Recently, my wife and I were writing when Glee came on after The Simpsons. Instead of simply acknowledging it was on, we were a little more attentive. This episode was … well, different. We were interested to see how the episode, “Grilled Cheesus,” would unfold.

Many topics surfaced during the episode. One of the most prominent was the separation of church and state. The episode sets up the issue by the cheerleading coach, Sue, recruiting a fellow atheist, Kurt, to file a complaint about the glee club for singing religious songs. Many evangelicals would find it obligatory to focus on this given their record on the issue. Honestly, as long as Christianity is allowed to be preached and practiced, followers have more than enough freedom to practice their beliefs. Forcing others to accept messages isn’t biblical anyway. It is biblical, though, for a Christian to assume their message will not always be accepted.
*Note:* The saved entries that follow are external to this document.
lemma power_le_exp_mult:
  fixes x :: real
  assumes "0 \<le> x"
  shows "x ^ k \<le> real k ^ k * exp (x - real k)"
proof (cases "k = 0")
  case True
  with assms show ?thesis by simp
next
  case False
  have "x / real k \<le> exp (x / real k - 1)"
    using exp_ge_add_one_self[of "x / real k - 1"] by simp
  then have "(x / real k) ^ k \<le> exp (x / real k - 1) ^ k"
    using assms by (intro power_mono) auto
  also have "\<dots> = exp (x - real k)"
    using False by (simp flip: exp_of_nat_mult add: field_simps)
  finally show ?thesis
    using False by (simp add: power_divide field_simps)
qed

lemma power_mult_power_le:
  fixes x y :: real
  assumes "0 \<le> x" "0 \<le> y" "x + y = real (k + m)"
  shows "x ^ k * y ^ m \<le> real k ^ k * real m ^ m"
proof -
  have "x ^ k * y ^ m \<le> (real k ^ k * exp (x - real k)) * (real m ^ m * exp (y - real m))"
    using assms by (intro mult_mono power_le_exp_mult) auto
  also have "\<dots> = real k ^ k * real m ^ m"
    using assms(3) by (simp flip: exp_add)
  finally show ?thesis .
qed

lemma binomial_le_stirling:
  assumes "1 \<le> k" "k < n"
  shows "real (n choose k) \<le> real n ^ n * sqrt (real n)
    / (sqrt (2 * pi) * (real k ^ k * sqrt (real k)) * (real (n - k) ^ (n - k) * sqrt (real (n - k))))"
proof -
  define m where "m = n - k"
  have km: "1 \<le> m" "n = k + m"
    using assms by (auto simp: m_def)
  define P where "P j = real j ^ j * sqrt (real j) / exp (real j)" for j
  have fact_eq: "fact j = exp (stirling_rem j) * P j" if "1 \<le> j" for j
    using exp_stirling_rem[OF that] that by (simp add: P_def field_simps)
  have "P n / (P k * P m) > 0"
    using assms km by (simp add: P_def)
  have "real (n choose k) = fact n / (fact k * fact m)"
    using assms by (simp add: binomial_fact m_def)
  also have "\<dots> = exp (stirling_rem n - stirling_rem k - stirling_rem m) * (P n / (P k * P m))"
    using assms km by (simp add: fact_eq exp_diff)
  also have "\<dots> \<le> exp (- (ln (2 * pi) / 2)) * (P n / (P k * P m))"
    using stirling_rem_antimono[of k n] stirling_rem_ge[OF km(1)] assms \<open>P n / (P k * P m) > 0\<close>
    by (intro mult_right_mono) auto
  also have "exp (- (ln (2 * pi) / 2)) = 1 / sqrt (2 * pi)"
    using powr_half_sqrt[of "2 * pi"] by (simp add: powr_def exp_minus field_simps)
  also have "P n / (P k * P m) = real n ^ n * sqrt (real n) / ((real k ^ k * sqrt (real k)) * (real m ^ m * sqrt (real m)))"
    unfolding P_def km(2) by (simp add: exp_add)
  finally show ?thesis
    by (simp add: m_def)
qed

lemma binomial_mult_power_le:
  fixes a :: real
  assumes "a > 0" "1 \<le> k" "k < n"
  shows "real (n choose k) * a ^ k
    \<le> (1 + a) ^ n * sqrt (real n) / (sqrt (2 * pi) * sqrt (real k * real (n - k)))"
proof -
  define m where "m = n - k"
  have km: "1 \<le> m" "n = k + m"
    using assms by (auto simp: m_def)
  have "a * (real n / (1 + a)) + real n / (1 + a) = (1 + a) * real n / (1 + a)"
    by (simp add: algebra_simps add_divide_distrib)
  also have "\<dots> = real (k + m)"
    using assms km by simp
  finally have "(a * (real n / (1 + a))) ^ k * (real n / (1 + a)) ^ m \<le> real k ^ k * real m ^ m"
    using assms by (intro power_mult_power_le) auto
  moreover have "(a * (real n / (1 + a))) ^ k * (real n / (1 + a)) ^ m = real n ^ n * a ^ k / (1 + a) ^ n"
    unfolding power_mult_distrib mult.assoc power_add [symmetric] km(2) [symmetric]
    by (simp add: power_divide)
  ultimately have mode: "real n ^ n * a ^ k \<le> real k ^ k * real m ^ m * (1 + a) ^ n"
    using assms by (simp add: divide_le_eq)
  define D where "D = sqrt (2 * pi) * (real k ^ k * sqrt (real k)) * (real m ^ m * sqrt (real m))"
  have "D > 0"
    using assms km by (simp add: D_def)
  have "real (n choose k) * a ^ k \<le> real n ^ n * sqrt (real n) / D * a ^ k"
    using binomial_le_stirling[OF assms(2,3)] assms by (intro mult_right_mono) (auto simp: D_def m_def)
  also have "\<dots> = (real n ^ n * a ^ k) * sqrt (real n) / D"
    by simp
  also have "\<dots> \<le> (real k ^ k * real m ^ m * (1 + a) ^ n) * sqrt (real n) / D"
    using mode \<open>D > 0\<close> by (intro divide_right_mono mult_right_mono) auto
  also have "\<dots> = (1 + a) ^ n * sqrt (real n) / (sqrt (2 * pi) * sqrt (real k * real m))"
    using assms km by (simp add: D_def real_sqrt_mult field_simps)
  finally show ?thesis
    by (simp add: m_def)
qed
So, what was the most significant topic of the episode? Kurt, by invitation, attended Mercedes’ charismatic evangelical church. Before her amazing performance of “Bridge over Troubled Water,” Mercedes singled Kurt out in the congregation and explained that she knows people sometimes believe in different things. Consoling him, she explained that it is cool he had his own opinion about “religion,” but he had to believe in something. Adding to the inconsistency, members of the congregation agreed with Mercedes.

I’m not debating which philosophy is right or whether or not there is a God. I simply disagree with the false portrayal of fundamentalist Christianity as a new age and further evolved Christian church. A basic foundation of the movement’s doctrine, evangelizing, was missing. I’m not objecting to the liberation of the conservative Christian movement because I am a part of the evangelical church and the movement to liberate it. I am objecting to the fact that an evangelical church was portrayed in a way that is contrary to its basic identity. Glee’s script implies evangelicals tolerate the belief in the absolute antithesis of Christianity. This is absurd and should be seen as absurd by both Christians and non-Christians. Fundamentalists, all too often, are intolerant of other beliefs. Mercedes’ line “You gotta believe in something” would not be something you hear in the type of church portrayed on the show.

So, why did the writers not correctly represent the church’s beliefs? Was it because they did not know better? I doubt it. Christian fundamentalism has spread far and wide throughout this country. Was it because they did not want to offend viewers with a message that claimed to be the one and only truth? Indeed. Christian fundamentalism is considered so radical it cannot be both purely portrayed in its entirety and accepted by the secular world. This episode obscured the real identity of evangelical Christianity. The writers of the show may have dodged some controversy, but not portraying evangelicalism in its true light might have negative implications relative to their intentions, which were, essentially, to bring society as a whole closer to the truth.